Trouille

Bref, c'est avec cette trouille au coeur que le patron est allé à l'hopital accompagné comme d'hab de sa chère mère. Il s'était mis d'accord avec Monsieur Saad, le chauffeur de taxi avec qui il avait fait connaissance depuis quelques semaines et qui vient le chercher de temps en temps pour des courses quand le patron n'a pas trop envie d'attendre dans la rue bêtement. Saad était venu à l'heure, ils sont allés chercher ensuite la mère du patron qui craignait les nouvelles manifestations prévues ce jour-là par les frères mesulmans. Tôt le matin , le père du patron avait essayé de le persuader de ne pas aller à son rendez-vous avec le médecin de peur des manifs, mais le patron a laissé éclater sa colère, poussé par l'accumulation de la peur de la semaine et a insisté d'y aller même non accompagné.
Une fois à l'hopital, le patron a salué les secretaires qu'il connait bien désormais, les infirmières, une en particulier très souriante et qui lui met chaque fois les colirs. Le patron la trouve très sympa et laisse échapper à chaque fois la petite phrase qui la fait mourir de rire en lui mettant les colirs.
Deux heures et demie d'attente, rythmée par la voix du sheiks à la télévision qui lisait le Coran, le patron et sa mère en conversation entrecoupée de commentaires sur tel ou tel patient qui arrive, ou bien par des moments de lectures, la mère du patron le nez dans son journal qu'elle a soigneusement apporté pour tuer le temps, le patron, essayant de se concentrer dans la lecture d'un nouveau roman en arabe qu'il a dernièrment acheté.
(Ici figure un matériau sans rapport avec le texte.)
fun commutator_products :: "('a, 'b) monoid_scheme \<Rightarrow> 'a list \<Rightarrow> 'a set" where
  "commutator_products G [] = {\<one>\<^bsub>G\<^esub>}"
| "commutator_products G (b # bs) =
     {commutator G b y \<otimes>\<^bsub>G\<^esub> v | y v. y \<in> carrier G \<and> v \<in> commutator_products G bs}"

lemma finite_chain_stabilizes:
  assumes "finite S" and "\<And>n. V n \<subseteq> S" and "\<And>n. V n \<subseteq> V (Suc n)"
  shows "\<exists>n. V (Suc n) = V n"
proof (rule ccontr)
  assume "\<not> ?thesis"
  with assms(3) have strict: "V n \<subset> V (Suc n)" for n
    by blast
  have "n \<le> card (V n)" for n
  proof (induction n)
    case (Suc n)
    have "card (V n) < card (V (Suc n))"
      using strict assms(1,2) by (meson finite_subset psubset_card_mono)
    with Suc show ?case
      by simp
  qed simp
  moreover have "card (V (Suc (card S))) \<le> card S"
    using assms(1,2) by (rule card_mono)
  ultimately show False
    by (metis not_less_eq_eq)
qed

context group
begin

lemma commutator_closed [simp]:
  "x \<in> carrier G \<Longrightarrow> y \<in> carrier G \<Longrightarrow> commutator G x y \<in> carrier G"
  by (simp add: commutator_def)

lemma commutator_one_right [simp]: "x \<in> carrier G \<Longrightarrow> commutator G x \<one> = \<one>"
  by (simp add: commutator_def)

lemma finite_submonoid_is_subgroup:
  assumes "finite (carrier G)" and "H \<subseteq> carrier G" and "\<one> \<in> H"
    and mult: "\<And>x y. x \<in> H \<Longrightarrow> y \<in> H \<Longrightarrow> x \<otimes> y \<in> H"
  shows "subgroup H G"
proof (rule subgroupI)
  fix x assume x: "x \<in> H"
  then have x_carrier: "x \<in> carrier G"
    using assms(2) by blast
  have pow: "x [^] n \<in> H" for n :: nat
    by (induction n) (simp_all add: assms(3) mult x)
  have "0 < order G"
    using assms(1) by (simp add: order_gt_0_iff_finite)
  then have "x [^] (order G - 1) \<otimes> x = x [^] order G"
    by (metis Suc_diff_1 nat_pow_Suc)
  also have "\<dots> = \<one>"
    using x_carrier by (rule pow_order_eq_1)
  finally have "inv x = x [^] (order G - 1)"
    using x_carrier by (simp add: inv_equality)
  then show "inv x \<in> H"
    using pow by simp
qed (use assms in auto)

lemma generate_subset_if_left_mult_closed:
  assumes "finite (carrier G)" and "S \<subseteq> carrier G" and "V \<subseteq> carrier G" and "\<one> \<in> V"
    and closed: "\<And>s v. s \<in> S \<Longrightarrow> v \<in> V \<Longrightarrow> s \<otimes> v \<in> V"
  shows "generate G S \<subseteq> V"
proof -
  define L where "L = {x \<in> carrier G. \<forall>v \<in> V. x \<otimes> v \<in> V}"
  have "subgroup L G"
  proof (rule finite_submonoid_is_subgroup)
    show "\<one> \<in> L"
      using assms(3) by (auto simp: L_def)
    show "x \<otimes> y \<in> L" if "x \<in> L" and "y \<in> L" for x y
      using that assms(3) by (auto simp: L_def m_assoc subset_iff)
  qed (auto simp: L_def assms(1))
  moreover have "S \<subseteq> L"
    using assms(2) closed by (auto simp: L_def)
  ultimately have generate_L: "generate G S \<subseteq> L"
    by (rule generate_subgroup_incl[rotated])
  show ?thesis
  proof
    fix x assume "x \<in> generate G S"
    with generate_L have "x \<in> carrier G" and "x \<otimes> \<one> \<in> V"
      using assms(4) by (auto simp: L_def)
    then show "x \<in> V"
      by simp
  qed
qed

lemma commutator_products_closed:
  "set bs \<subseteq> carrier G \<Longrightarrow> commutator_products G bs \<subseteq> carrier G"
  by (induction bs) auto

lemma commutator_products_ConsI:
  "y \<in> carrier G \<Longrightarrow> v \<in> commutator_products G bs \<Longrightarrow>
    commutator G b y \<otimes> v \<in> commutator_products G (b # bs)"
  by auto

lemma one_in_commutator_products:
  "set bs \<subseteq> carrier G \<Longrightarrow> \<one> \<in> commutator_products G bs"
  by (induction bs) (auto intro!: exI[of _ \<one>])

lemma commutator_in_commutator_products:
  assumes "set bs \<subseteq> carrier G" and "b \<in> set bs" and "y \<in> carrier G"
  shows "commutator G b y \<in> commutator_products G bs"
  using assms
proof (induction bs)
  case (Cons c bs)
  have b: "b \<in> carrier G" and c: "c \<in> carrier G"
    using Cons.prems by auto
  show ?case
  proof (cases "b = c")
    case True
    have "commutator G c y \<otimes> \<one> \<in> commutator_products G (c # bs)"
      using Cons.prems by (intro commutator_products_ConsI one_in_commutator_products) auto
    with True b Cons.prems(3) show ?thesis
      by simp
  next
    case False
    then have "commutator G c \<one> \<otimes> commutator G b y \<in> commutator_products G (c # bs)"
      using Cons by (intro commutator_products_ConsI) auto
    with b c Cons.prems(3) show ?thesis
      by simp
  qed
qed simp

lemma commutator_products_append:
  assumes "set xs \<subseteq> carrier G" and "set ys \<subseteq> carrier G"
    and "x \<in> commutator_products G xs" and "v \<in> commutator_products G ys"
  shows "x \<otimes> v \<in> commutator_products G (xs @ ys)"
  using assms
proof (induction xs arbitrary: x)
  case Nil
  then have "v \<in> carrier G"
    using commutator_products_closed by blast
  with Nil show ?case
    by simp
next
  case (Cons c xs)
  then obtain y w where y: "y \<in> carrier G" and w: "w \<in> commutator_products G xs"
    and x: "x = commutator G c y \<otimes> w"
    by auto
  have "w \<otimes> v \<in> commutator_products G (xs @ ys)"
    using Cons w by simp
  moreover have "w \<in> carrier G" and "v \<in> carrier G"
    using Cons.prems w commutator_products_closed by auto
  then have "x \<otimes> v = commutator G c y \<otimes> (w \<otimes> v)"
    using Cons.prems(1) y by (simp add: x m_assoc)
  ultimately show ?case
    unfolding append_Cons by (metis commutator_products_ConsI y)
qed

lemma commutator_products_subset_comm_set:
  "set bs \<subseteq> A \<Longrightarrow> commutator_products G bs \<subseteq> comm_set G A (carrier G)"
proof (induction bs)
  case (Cons b bs)
  have "commutator G b y \<in> comm_set G A (carrier G)" if "y \<in> carrier G" for y
    using Cons.prems that by (auto simp: comm_set_def intro: generate.incl)
  with Cons show ?case
    by (auto simp: comm_set_def intro: generate.eng)
qed (simp add: comm_set_def generate.one)

lemma eval_commutator_expr_cong:
  "(\<And>n. i \<le> n \<Longrightarrow> \<sigma> n = \<tau> n) \<Longrightarrow>
    eval_expr G \<sigma> (commutator_expr G i bs) = eval_expr G \<tau> (commutator_expr G i bs)"
  by (induction bs arbitrary: i) simp_all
Puis, le moment fatidique s'approche. Le patron n'arrive plus à se concentrer et commence à sentir ses mains moites et glaciales qui le gènent. Il essaye de se concentrer dans une prière pour se calmer et se donner le courage. La peur lui fait monter les larmes aux yeux. Il va surtout pas pleurer là, dans la salle d'attente, devant tout ce monde là. Il ne veut surtout pas pleurer non plus devant le médecin. Il doit positiver. Il positivera.
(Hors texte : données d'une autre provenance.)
lemma cnj_cinner: "cnj (cinner x y) = cinner y x"
  unfolding cinner_def by (simp add: cnj_sum mult.commute)

lemma norm_vec_power2: "(norm (x::complex^'n::finite))^2 = (\<Sum>i\<in>UNIV. (cmod (x$i))^2)"
  unfolding norm_vec_def L2_set_def by (simp add: sum_nonneg)

lemma cinner_self: "cinner x x = complex_of_real ((norm x)^2)"
  unfolding cinner_def norm_vec_power2
  by (simp add: of_real_sum mult.commute flip: complex_norm_square)

lemma Re_cinner_self: "Re (cinner x x) = (norm x)^2"
  by (simp add: cinner_self)

lemma cinner_add_left: "cinner (x + y) z = cinner x z + cinner y z"
  unfolding cinner_def by (simp add: distrib_right sum.distrib)

lemma cinner_add_right: "cinner x (y + z) = cinner x y + cinner x z"
  unfolding cinner_def by (simp add: distrib_left sum.distrib)

lemma cinner_diff_right: "cinner x (y - z) = cinner x y - cinner x z"
  unfolding cinner_def by (simp add: right_diff_distrib sum_subtractf)

lemma cinner_scale_left: "cinner (c *s x) y = cnj c * cinner x y"
  unfolding cinner_def by (simp add: sum_distrib_left mult_ac)

lemma cinner_scale_right: "cinner x (c *s y) = c * cinner x y"
  unfolding cinner_def by (simp add: sum_distrib_left mult_ac)

lemma cinner_scaleR_left: "cinner (r *\<^sub>R x) y = of_real r * cinner x y"
  unfolding cinner_def vector_scaleR_component
  by (simp add: sum_distrib_left scaleR_conv_of_real mult_ac)

lemma cinner_scaleR_right: "cinner x (r *\<^sub>R y) = of_real r * cinner x y"
  unfolding cinner_def vector_scaleR_component
  by (simp add: sum_distrib_left scaleR_conv_of_real mult_ac)

lemma inner_eq_Re_cinner: "inner x y = Re (cinner x (y::complex^'n::finite))"
  unfolding cinner_def inner_vec_def inner_complex_def by simp

lemma cinner_axis_left: "cinner (axis p 1) x = x $ p"
proof -
  have "cnj (axis p 1 $ i) * x $ i = (if i = p then x $ p else 0)" for i
    by (simp add: axis_def)
  then show ?thesis unfolding cinner_def by simp
qed

lemma matrix_vector_mult_axis: "(R *v axis q 1) $ p = R$p$q"
proof -
  have "R$p$i * axis q 1 $ i = (if i = q then R$p$q else 0)" for i
    by (simp add: axis_def)
  then show ?thesis unfolding matrix_vector_mult_def by simp
qed

lemma matrix_vector_mult_scaleR: "A *v (r *\<^sub>R x) = r *\<^sub>R (A *v (x::complex^'n::finite))"
  by (simp add: matrix_vector_mult_def vec_eq_iff scaleR_sum_right mult_ac)

lemma scaleR_matrix_vector_mult: "(r *\<^sub>R A) *v x = r *\<^sub>R (A *v (x::complex^'n::finite))"
  by (simp add: matrix_vector_mult_def vec_eq_iff scaleR_sum_right)

lemma matrix_vector_mult_scale: "A *v (c *s x) = c *s (A *v (x::complex^'n::finite))"
  by (simp add: matrix_vector_mult_def vec_eq_iff sum_distrib_left mult_ac)

lemma cadj_cadj [simp]: "cadj (cadj A) = A"
  unfolding cadj_def by (simp add: vec_eq_iff)

lemma cadj_matrix_mult: "cadj (A ** B) = cadj B ** cadj A"
  unfolding cadj_def matrix_matrix_mult_def by (simp add: vec_eq_iff cnj_sum mult.commute)

lemma cadj_mat_1 [simp]: "cadj (mat 1 :: complex^'n::finite^'n) = mat 1"
  unfolding cadj_def mat_def by (simp add: vec_eq_iff)

lemma cadj_add: "cadj (A + B) = cadj A + cadj B"
  unfolding cadj_def by (simp add: vec_eq_iff)

lemma cadj_scaleR: "cadj (c *\<^sub>R A) = c *\<^sub>R cadj A"
  unfolding cadj_def by (simp add: vec_eq_iff)

lemma cnj_entry_hermitian: "cadj A = A \<Longrightarrow> A$q$p = cnj (A$p$q)"
  unfolding cadj_def by (metis complex_cnj_cnj vec_lambda_beta)

lemma cinner_hermitian: "cadj A = A \<Longrightarrow> cinner x (A *v y) = cinner (A *v x) y"
  by (metis cinner_adj)

lemma cnj_cinner_hermitian: "cadj A = A \<Longrightarrow> cnj (cinner x (A *v y)) = cinner y (A *v x)"
  by (metis cinner_hermitian cnj_cinner)

lemma psd_herm_iff: "psd_herm R \<longleftrightarrow> cadj R = R \<and> (\<forall>x. 0 \<le> Re (cinner x (R *v x)))"
  unfolding psd_herm_def cinner_def ..

section \<open>The largest eigenvalue of a Hermitian matrix\<close>

lemma linear_coeff_zero_if_quadratic_nonpos:
  fixes a b :: real
  assumes "\<And>t. 2*t*b + t^2*a \<le> 0"
  shows "b = 0"
proof (rule ccontr)
  assume "b \<noteq> 0"
  define c where "c = \<bar>a\<bar> + 1"
  have "c > 0" "2*c + a > 0" unfolding c_def by auto
  have "2*(b/c)*b + (b/c)^2*a = b^2 * (2*c + a) / c^2"
    using \<open>c > 0\<close> by (simp add: field_simps power2_eq_square)
  also have "\<dots> > 0" using \<open>b \<noteq> 0\<close> \<open>c > 0\<close> \<open>2*c + a > 0\<close> by simp
  finally show False using assms[of "b/c"] by simp
qed

text \<open>Along every line through the maximiser the Rayleigh bound is a quadratic in the parameter
  that is nonpositive and vanishes at the origin, so its linear coefficient vanishes.\<close>

lemma rayleigh_maximiser_is_eigenvector:
  fixes A :: "complex^'n::finite^'n"
  assumes herm: "cadj A = A" and x0: "norm x0 = 1"
    and bound: "\<And>x. Re (cinner x (A *v x)) \<le> \<mu> * (norm x)^2"
    and \<mu>: "\<mu> = Re (cinner x0 (A *v x0))"
  shows "A *v x0 = of_real \<mu> *s x0"
proof -
  define w where "w = A *v x0 - of_real \<mu> *s x0"
  have "Re (cinner y w) = 0" for y
  proof (rule linear_coeff_zero_if_quadratic_nonpos)
    fix t :: real
    let ?a = "Re (cinner y (A *v y)) - \<mu> * (norm y)^2"
    have quad: "Re (cinner (x0 + t *\<^sub>R y) (A *v (x0 + t *\<^sub>R y)))
        = \<mu> + 2*t*Re (cinner y (A *v x0)) + t^2 * Re (cinner y (A *v y))"
      using arg_cong[OF cnj_cinner_hermitian[OF herm, of y x0], of Re] \<mu>
      unfolding matrix_vector_right_distrib matrix_vector_mult_scaleR cinner_add_left
        cinner_add_right cinner_scaleR_left cinner_scaleR_right
      by (simp add: power2_eq_square algebra_simps)
    have "Re (cinner x0 x0) = 1" using x0 by (simp add: Re_cinner_self)
    then have norm: "(norm (x0 + t *\<^sub>R y))^2 = 1 + 2*t*Re (cinner y x0) + t^2 * (norm y)^2"
      using arg_cong[OF cnj_cinner[of y x0], of Re]
      unfolding Re_cinner_self[symmetric] cinner_add_left cinner_add_right
        cinner_scaleR_left cinner_scaleR_right
      by (simp add: power2_eq_square algebra_simps)
    have "2*t*Re (cinner y w) + t^2*?a
        = Re (cinner (x0 + t *\<^sub>R y) (A *v (x0 + t *\<^sub>R y))) - \<mu> * (norm (x0 + t *\<^sub>R y))^2"
      unfolding quad norm w_def cinner_diff_right cinner_scale_right by (simp add: algebra_simps)
    also have "\<dots> \<le> 0" using bound[of "x0 + t *\<^sub>R y"] by simp
    finally show "2*t*Re (cinner y w) + t^2*?a \<le> 0" .
  qed
  then have "(norm w)^2 = 0" using Re_cinner_self[of w] by simp
  then show ?thesis unfolding w_def by simp
qed

lemma hermitian_rayleigh_attains_max:
  fixes A :: "complex^'n::finite^'n"
  assumes herm: "cadj A = A"
  obtains x0 \<mu> where "norm x0 = 1" "A *v x0 = of_real \<mu> *s x0"
    "\<And>x. Re (cinner x (A *v x)) \<le> \<mu> * (norm x)^2"
proof -
  define Q where "Q x = Re (cinner x (A *v x))" for x
  have "continuous_on UNIV Q"
    unfolding Q_def cinner_def matrix_vector_mult_def by (intro continuous_intros)
  moreover have "sphere (0::complex^'n) 1 \<noteq> {}" by simp
  ultimately obtain x0 where x0: "x0 \<in> sphere 0 1" and max: "\<And>y. y \<in> sphere 0 1 \<Longrightarrow> Q y \<le> Q x0"
    using continuous_attains_sup[OF compact_sphere _ continuous_on_subset[OF _ subset_UNIV]]
    by metis
  have bound: "Q x \<le> Q x0 * (norm x)^2" for x
  proof (cases "x = 0")
    case False
    have "Q ((1 / norm x) *\<^sub>R x) = (1 / norm x)^2 * Q x"
      unfolding Q_def matrix_vector_mult_scaleR cinner_scaleR_left cinner_scaleR_right
      by (simp add: power2_eq_square)
    moreover have "Q ((1 / norm x) *\<^sub>R x) \<le> Q x0" using max False by simp
    ultimately have "(1 / norm x)^2 * Q x \<le> Q x0" by simp
    then show ?thesis using False by (simp add: field_simps)
  qed (simp add: Q_def cinner_def)
  have "norm x0 = 1" using x0 by simp
  moreover have "A *v x0 = of_real (Q x0) *s x0"
    by (rule rayleigh_maximiser_is_eigenvector[OF herm \<open>norm x0 = 1\<close>])
      (use bound in \<open>simp_all add: Q_def\<close>)
  ultimately show thesis using that bound unfolding Q_def by blast
qed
Midi et demi, on l'appelle. Le patron entre , suivi de sa mère, salue le docteur. Celui ci lui fait le teste de champ de vision, puis l'osculte plus précisement avec son appareil. Le patron ne fait que prier sans voix. Le médecin, après quelques secondes d'oscultation qui semble interminables dit: Tout va bien. Tout est en place. Rendez-vous dans un mois pour oscultation. Le patron respire profondement. Il sourit, remercie infiniement le médecin, une folle envie de l'embrasser pour le remercier. La vie continue.